The code below allows you to create a simple but effective Named Entity Recognition pipeline with HuggingFace Transformers. If you use it, ensure that the former is installed on your system, as well as TensorFlow or PyTorch. If you want to understand everything in a bit more detail, make sure to read the rest of the tutorial as well! 🔥

from transformers import pipeline # Initialize the NER pipeline ner = pipeline("ner") # Phrase phrase = "David helped Peter enter the building, where his house is located." # NER task ner_result = ner(phrase) # Print result print(ner_result)
Code language: Python (python)

What is Named Entity Recognition?

If we are to build a model for Named Entity Recognition (NER), we will need to understand what it does, don’t we?

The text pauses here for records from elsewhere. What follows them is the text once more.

(* Let $\mathcal K$ be a 2-category and $\{\lambda_{i,j}:s_js_i\to s_is_j\}_{0\le i<j\le 2}$ a 0-cell of $\mathsf{Wdl}^{(2)}(\overline{\mathcal K})$. Define the 2-cells $\overrightarrow\lambda_{0,p,q}:=\mu_0s_ps_q.s_0\lambda_{0,p}s_q.s_0s_p\lambda_{0,q}.s_0s_ps_q\eta_0:s_0s_ps_q\to s_0s_ps_q$ for $(p,q)\in\{(1,2),(2,1)\}$, and $\overleftarrow\lambda_{k,l,2}:=s_ks_l\mu_2.s_k\lambda_{l,2}s_2.\lambda_{k,2}s_ls_2.\eta_2s_ks_ls_2:s_ks_ls_2\to s_ks_ls_2$ for $(k,l)\in\{(0,1),(1,0)\}$. These are idempotent 2-cells in $\mathcal K$ and satisfy: (1) $\overrightarrow\lambda_{0,p,q}.\bar\lambda_{0p}s_q=\overrightarrow\lambda_{0,p,q}=\bar\lambda_{0p}s_q.\overrightarrow\lambda_{0,p,q}$; (2) $\overrightarrow\lambda_{0,1,2}.s_0\lambda_{1,2}=s_0\lambda_{1,2}.\overrightarrow\lambda_{0,2,1}$; (3) $\overrightarrow\lambda_{0,p,q}.\lambda_{0,p}s_q=\lambda_{0,p}s_q.s_p\bar\lambda_{0q}$; (4) $\overleftarrow\lambda_{k,l,2}.s_k\bar\lambda_{l2}=\overleftarrow\lambda_{k,l,2}=s_k\bar\lambda_{l2}.\overleftarrow\lambda_{k,l,2}$; (5) $\overleftarrow\lambda_{0,1,2}.\lambda_{0,1}s_2=\lambda_{0,1}s_2.\overleftarrow\lambda_{1,0,2}$; (6) $\overleftarrow\lambda_{k,l,2}.s_k\lambda_{l,2}=s_k\lambda_{l,2}.\bar\lambda_{k2}s_l$; (7) $\overleftarrow\lambda_{0,1,2}.\overrightarrow\lambda_{0,1,2}=\overleftarrow\lambda_{0,1,2}.\bar\lambda_{01}s_2=\overrightarrow\lambda_{0,1,2}.s_0\bar\lambda_{12}=\overrightarrow\lambda_{0,1,2}.\overleftarrow\lambda_{0,1,2}$.
   Context: Conventions. For 1-cells, $uw$ is the horizontal composite ($w$ first); for 2-cells $\alpha,\beta$, $\alpha\beta$ is their horizontal composite; a 1-cell next to a 2-cell means whiskering by its identity 2-cell; $\alpha.\beta$ is vertical composition ($\beta$ first). A monad $(A,t)$ has multiplication $\mu:tt\to t$ and unit $\eta:1_A\to t$; indices carry over ($s_i$ has $\mu_i,\eta_i$). Local idempotent closure $\overline{\mathcal K}$: same 0-cells as $\mathcal K$; 1-cells are pairs $(v,\bar v)$ with $v$ a 1-cell of $\mathcal K$ and $\bar v:v\to v$ an idempotent 2-cell; 2-cells $(v,\bar v)\to(v',\bar v')$ are 2-cells $\omega:v\to v'$ of $\mathcal K$ with $\bar v'.\omega=\omega=\omega.\bar v$; compositions induced from $\mathcal K$, identity 2-cell of $(v,\bar v)$ is $\bar v$. A monad $(A,(t,\bar t))$ in $\overline{\mathcal K}$ satisfies in particular $\mu.t\eta=\mu.\eta t=\bar t$; we write just $t$. A weak distributive law in $\overline{\mathcal K}$: monads $(A,t),(A,s)$ in $\overline{\mathcal K}$ and a 2-cell $\lambda:ts\to st$ of $\overline{\mathcal K}$ with $\lambda.\mu s=s\mu.\lambda t.t\lambda$, $\lambda.t\mu=\mu t.s\lambda.\lambda s$, $\lambda.\eta s=\mu t.s\lambda.st\eta.s\eta$, $\lambda.t\eta=s\mu.\lambda t.\eta st.\eta t$; its idempotent is $\bar\lambda:=\mu t.s\lambda.st\eta=s\mu.\lambda t.\eta st$. A 0-cell of $\mathsf{Wdl}^{(2)}(\overline{\mathcal K})$ consists of monads $(A,s_0),(A,s_1),(A,s_2)$ in $\overline{\mathcal K}$ and weak distributive laws $\lambda_{i,j}:s_js_i\to s_is_j$ in $\overline{\mathcal K}$ ($0\le i<j\le2$) satisfying the Yang–Baxter relation $\lambda_{0,1}s_2.s_1\lambda_{0,2}.\lambda_{1,2}s_0=s_0\lambda_{1,2}.\lambda_{0,2}s_1.s_2\lambda_{0,1}$. $\bar\lambda_{ij}$ denotes the idempotent of $\lambda_{i,j}$. *)

theory Defs
  imports Main
begin

text \<open>A (strict) 2-category, given by its 0-cells (type 'o), 1-cells (type 'm) and
2-cells (type 'c).  comp1 u w is the horizontal composite uw (w first),
vcomp a b is the vertical composite a.b (b first), hcomp a b the horizontal
composite ab of 2-cells, id1 and id2 are identities.\<close>

record ('o,'m,'c) twocat =
  src   :: "'m \<Rightarrow> 'o"
  tgt   :: "'m \<Rightarrow> 'o"
  comp1 :: "'m \<Rightarrow> 'm \<Rightarrow> 'm"
  id1   :: "'o \<Rightarrow> 'm"
  dom2  :: "'c \<Rightarrow> 'm"
  cod2  :: "'c \<Rightarrow> 'm"
  vcomp :: "'c \<Rightarrow> 'c \<Rightarrow> 'c"
  hcomp :: "'c \<Rightarrow> 'c \<Rightarrow> 'c"
  id2   :: "'m \<Rightarrow> 'c"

[Named Entity Recognition is used] to locate and classify named entities mentioned in unstructured text into pre-defined categories such as person names, organizations, locations, medical codes, time expressions, quantities, monetary values, percentages, etc.

Wikipedia (2005)

As with any technical definition, it is quite a difficult one for beginners, so let’s take a look at it in a bit more detail 🙂

Now, what is a “named entity”, for example?

A named entity is a real-world object, such as persons, locations, organizations, products, etc., that can be denoted with a proper name. It can be abstract or have a physical existence.

Wikipedia (2007)

I see – so NER models can be used to detect real-world objects in text. For example, for the following text:

  • The bus is heading to the garage for maintenance.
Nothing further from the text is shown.